An unedited, single clip of footage from the a7R II.
This final clip I have for you today was taken last spring in Hatcher Pass. It was ridiculously cold outside, but the bearing the low temps was worth it. Those cold nights tend to make for a great show and that's what we got. You can hear the wind brushing against the camera and the footsteps and conversations of those shooting who were trying to keep warm.
This video has a mix of different aurora displays. Sometimes you'll see thick bands across the sky that can sit there for hours. Other nights you may see flickering or flashing, which can even have different colors like yellow, pink, and red. Throughout most of the clip, you'll see columns and bands all around the frame, but between 0:50 and 1:20, you can watch some pink flickering in the center. For my videos, I like to clean up the noise a bit, as shooting between 8,000 and 52,000 ISO can get quite messy. I don't do any color grading on my aurora videos though, as I like the look they get SOOC. People can also get quite frustrated when they see these fantastic colors from all points of the rainbow in videos and then they don't see them during their own outings. So I try my best to mitigate that as well by not coloring them any differently.
Thank you for following along this far. Here are my top five tips for recording the Aurora Borealis:
- Use a tripod. So many people don't like to use them, but just do it. You'll be glad you had the extra stability.

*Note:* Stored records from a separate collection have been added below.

lemma card_perfect_matching:
  assumes M: "M \<in> perfect_matchings_on V" and "finite V"
  shows "card V = 2 * card M"
proof -
  have "card (\<Union>M) = sum card M"
  proof (rule card_Union_disjoint)
    show "pairwise disjnt M"
      using perfect_matchings_onD(3)[OF M] by (auto simp: pairwise_def disjnt_def)
    show "finite a" if "a \<in> M" for a
      using perfect_matchings_onD(1)[OF M that] by (simp add: card_ge_0_finite)
  qed
  also have "\<dots> = 2 * card M"
    using perfect_matchings_onD(1)[OF M] by simp
  finally have "card (\<Union>M) = 2 * card M" .
  with M show ?thesis by (simp add: perfect_matchings_on_def)
qed

lemma perfect_matchings_on_Un:
  assumes M: "M \<in> perfect_matchings_on (V - W)" and p: "p \<in> perfect_matchings_on W" and "W \<subseteq> V"
  shows "M \<union> p \<in> perfect_matchings_on V"
proof (rule perfect_matchings_onI)
  show "card a = 2" if "a \<in> M \<union> p" for a
    using that perfect_matchings_onD(1)[OF M] perfect_matchings_onD(1)[OF p] by auto
  show "\<Union>(M \<union> p) = V"
    using perfect_matchings_on_Union[OF M] perfect_matchings_on_Union[OF p] \<open>W \<subseteq> V\<close> by auto
  show "a \<inter> b = {}" if ab: "a \<in> M \<union> p" "b \<in> M \<union> p" "a \<noteq> b" for a b
  proof -
    consider "a \<in> M" "b \<in> M" | "a \<in> p" "b \<in> p" | "a \<subseteq> V - W" "b \<subseteq> W" | "a \<subseteq> W" "b \<subseteq> V - W"
      using ab(1,2) perfect_matchings_onD(2)[OF M] perfect_matchings_onD(2)[OF p] by auto
    then show ?thesis
      using perfect_matchings_onD(3)[OF M] perfect_matchings_onD(3)[OF p] ab(3) by cases auto
  qed
qed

- Open your lens as wide as it can go. I shoot my lights with a Sigma 24mm f/1.4 Art lens. I shoot my videos of the aurora at f/1.4.

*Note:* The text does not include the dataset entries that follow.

lemma layer_reflect:
  assumes "0 < x" "x \<le> 2 * k" "\<sigma> \<in> {low_layer, high_layer}"
  shows "layer k x = \<sigma> \<or> layer k (2 * k + 1 - x) = \<sigma>"
proof (cases "x \<le> k")
  case True
  then have "layer k x = low_layer" "layer k (2 * k + 1 - x) = high_layer"
    using assms(1) by (simp_all add: layer_low layer_high)
  then show ?thesis
    using assms(3) by blast
next
  case False
  then have "layer k x = high_layer" "layer k (2 * k + 1 - x) = low_layer"
    using assms(2) by (simp_all add: layer_low layer_high)
  then show ?thesis
    using assms(3) by blast
qed

definition dca :: "nat \<Rightarrow> nat \<Rightarrow> nat \<Rightarrow> int" where
  "dca k i j = (if i < 16 * k + 8 \<and> j < 3 then
     crt 8 (odd_part k) (int (layer k (i div 8) ! j ! (i mod 8)))
       (lambda ! j ! (layer k (i div 8) ! j ! (i mod 8)) * int (i div 8))
   else 0)"

lemma row_index:
  fixes a x k :: nat
  assumes "a < 8" "x \<le> 2 * k"
  shows "a + 8 * x < 16 * k + 8" "(a + 8 * x) div 8 = x" "(a + 8 * x) mod 8 = a"
  using assms by auto

lemma dca_range: "0 \<le> dca k i j" "dca k i j < 8 * odd_part k"
  using crt_spec[OF coprime_8_odd_part _ odd_part_pos] odd_part_pos[of k]
  by (simp_all add: dca_def)

lemma dca_cong:
  assumes "a < 8" "x \<le> 2 * k" "j < 3"
  shows "[dca k (a + 8 * x) j = int (layer k x ! j ! a)] (mod 8)"
    "[dca k (a + 8 * x) j = lambda ! j ! (layer k x ! j ! a) * int x] (mod odd_part k)"
  using crt_spec[OF coprime_8_odd_part _ odd_part_pos] row_index[OF assms(1,2)] assms(3)
  by (simp_all add: dca_def)

lemma dca_diff_cong:
  assumes "a < 8" "x \<le> 2 * k" "j < 3" "j' < 3"
  shows "[dca k (a + 8 * x) j - dca k (a + 8 * x) j' = diff_mod8 (layer k x) j j' a] (mod 8)"
    "[dca k (a + 8 * x) j - dca k (a + 8 * x) j'
       = lambda_diff (layer k x) j j' a * int x] (mod odd_part k)"
proof -
  show "[dca k (a + 8 * x) j - dca k (a + 8 * x) j' = diff_mod8 (layer k x) j j' a] (mod 8)"
    using cong_diff[OF dca_cong(1)[OF assms(1-3)] dca_cong(1)[OF assms(1,2,4)]]
    unfolding diff_mod8_def by (simp add: cong_def)
  show "[dca k (a + 8 * x) j - dca k (a + 8 * x) j'
       = lambda_diff (layer k x) j j' a * int x] (mod odd_part k)"
    using cong_diff[OF dca_cong(2)[OF assms(1-3)] dca_cong(2)[OF assms(1,2,4)]]
    unfolding lambda_diff_def by (simp add: left_diff_distrib)
qed

lemma dca_column_surjective:
  assumes "k mod 3 \<noteq> 1" "j < 3" "0 \<le> z" "z < 8 * odd_part k"
  shows "\<exists>i<16 * k + 8. dca k i j = z"
proof -
  define v where "v = nat (z mod 8)"
  have v: "v < 8" "[int v = z] (mod 8)"
    unfolding v_def cong_def by auto
  have "lambda ! j ! v dvd 72"
    using lambda_dvd_12 assms(2) v(1) dvd_trans[of "lambda ! j ! v" 12 72] by simp
  then have "coprime (lambda ! j ! v) (odd_part k)"
    using coprime_odd_part[OF assms(1)] by blast
  then obtain x0 where x0: "0 \<le> x0" "x0 < odd_part k" "[lambda ! j ! v * x0 = z] (mod odd_part k)"
    using cong_solve_below odd_part_pos by blast
  define x where "x = nat x0"
  have x: "x \<le> 2 * k" "int x = x0"
    using x0(1,2) unfolding x_def odd_part_def by auto
  obtain a where a: "a < 8" "layer k x ! j ! a = v"
    using layer_surjective[OF assms(2) v(1)] .
  have "[dca k (a + 8 * x) j = z] (mod 8 * odd_part k)"
    unfolding cong_mod_8_odd_part_iff
    using dca_cong[OF a(1) x(1) assms(2)] a(2) v(2) x0(3) x(2) cong_trans by metis
  then have "dca k (a + 8 * x) j = z"
    using cong_less_imp_eq_int dca_range assms(3,4) by blast
  then show ?thesis
    using row_index(1)[OF a(1) x(1)] by blast
qed

lemma dca_diff_nonzero:
  assumes "k mod 3 \<noteq> 1" "i < 16 * k + 8" "j < 3" "j' < 3" "j \<noteq> j'"
  shows "\<not> [dca k i j = dca k i j'] (mod 8 * odd_part k)"
proof
  define a x where "a = i mod 8" and "x = i div 8"
  have ax: "a < 8" "x \<le> 2 * k" "i = a + 8 * x"
    using assms(2) unfolding a_def x_def by auto
  assume "[dca k i j = dca k i j'] (mod 8 * odd_part k)"
  then have "[dca k i j - dca k i j' = 0] (mod 8)" "[dca k i j - dca k i j' = 0] (mod odd_part k)"
    unfolding cong_mod_8_odd_part_iff by (simp_all add: cong_iff_dvd_diff)
  then have diffs: "[diff_mod8 (layer k x) j j' a = 0] (mod 8)"
      "[lambda_diff (layer k x) j j' a * int x = 0] (mod odd_part k)"
    using dca_diff_cong[OF ax(1,2) assms(3,4)] unfolding ax(3) by (meson cong_sym cong_trans)+
  show False
  proof (cases "x = 0")
    case True
    then show False
      using diffs(1) zero_layer_diff_mod8 ax(1) assms(3-5)
      by (simp add: layer_zero cong_def diff_mod8_def)
  next
    case False
    then have "layer k x \<in> {low_layer, high_layer}"
      by (simp add: layer_def)
    then have "coprime (lambda_diff (layer k x) j j' a) (odd_part k)"
      using lambda_diff_dvd_72 coprime_odd_part[OF assms(1)] ax(1) assms(3-5) by blast
    then have "odd_part k dvd int x"
      using diffs(2) coprime_dvd_mult_right_iff coprime_commute by (metis cong_0_iff)
    moreover have "0 < int x" "int x < odd_part k"
      using False ax(2) by (simp_all add: odd_part_def)
    ultimately show False
      using zdvd_imp_le by fastforce
  qed
qed

definition reaches :: "nat \<Rightarrow> nat \<Rightarrow> nat \<Rightarrow> int \<Rightarrow> int \<Rightarrow> bool" where
  "reaches k j j' e r \<longleftrightarrow> (\<exists>a<8. \<exists>x\<le>2 * k. diff_mod8 (layer k x) j j' a = e \<and>
     [lambda_diff (layer k x) j j' a * int x = r] (mod odd_part k))"

lemma reachesI:
  assumes "a < 8" "x \<le> 2 * k" "layer k x = \<sigma>" "diff_mod8 \<sigma> j j' a = e"
    "[lambda_diff \<sigma> j j' a * int x = r] (mod odd_part k)"
  shows "reaches k j j' e r"
  using assms unfolding reaches_def by blast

- Always record for longer than you plan to. It seems like almost every time I stop recording because I think I'm done or that the display is over, the sky just explodes with color and by the time I'm ready to record again, it's gone.
- Depending on your camera, shooting at ISOs between 8,000 and 16,000 are usually pretty good for getting video of the lights. Shooting at higher ISOs of course can work as well, but at that range, your video can get very muddy with noise and artificial coloration.
- For time-lapses, longer exposures and shorter intervals make for creamier, smooth movement. While, shorter exposures and longer intervals give more shape and definition to the aurora and its shape. It's a give-and-take kind of balancing act.
Seeing the Northern Lights in video and through images is one thing, but getting out and chasing them down for yourself is truly something else. I've been running after the Aurora Borealis for nearly four years now and it never gets old. Sure, you get a lot of disappointing nights, but the nights where the lights shoot across the whole sky make it totally worth it. So embrace the cold, the sleepless nights, and the potential for disappointment and go get after it. I promise you, Nature will make it worth your while one of these nights.
Best of luck to you in your chase,
Dimitri
p.s. If you've seen or written any time-lapse or aurora video/photography articles here on Steemit, please link them below in the comments. I'd love to read them and see what else I can learn!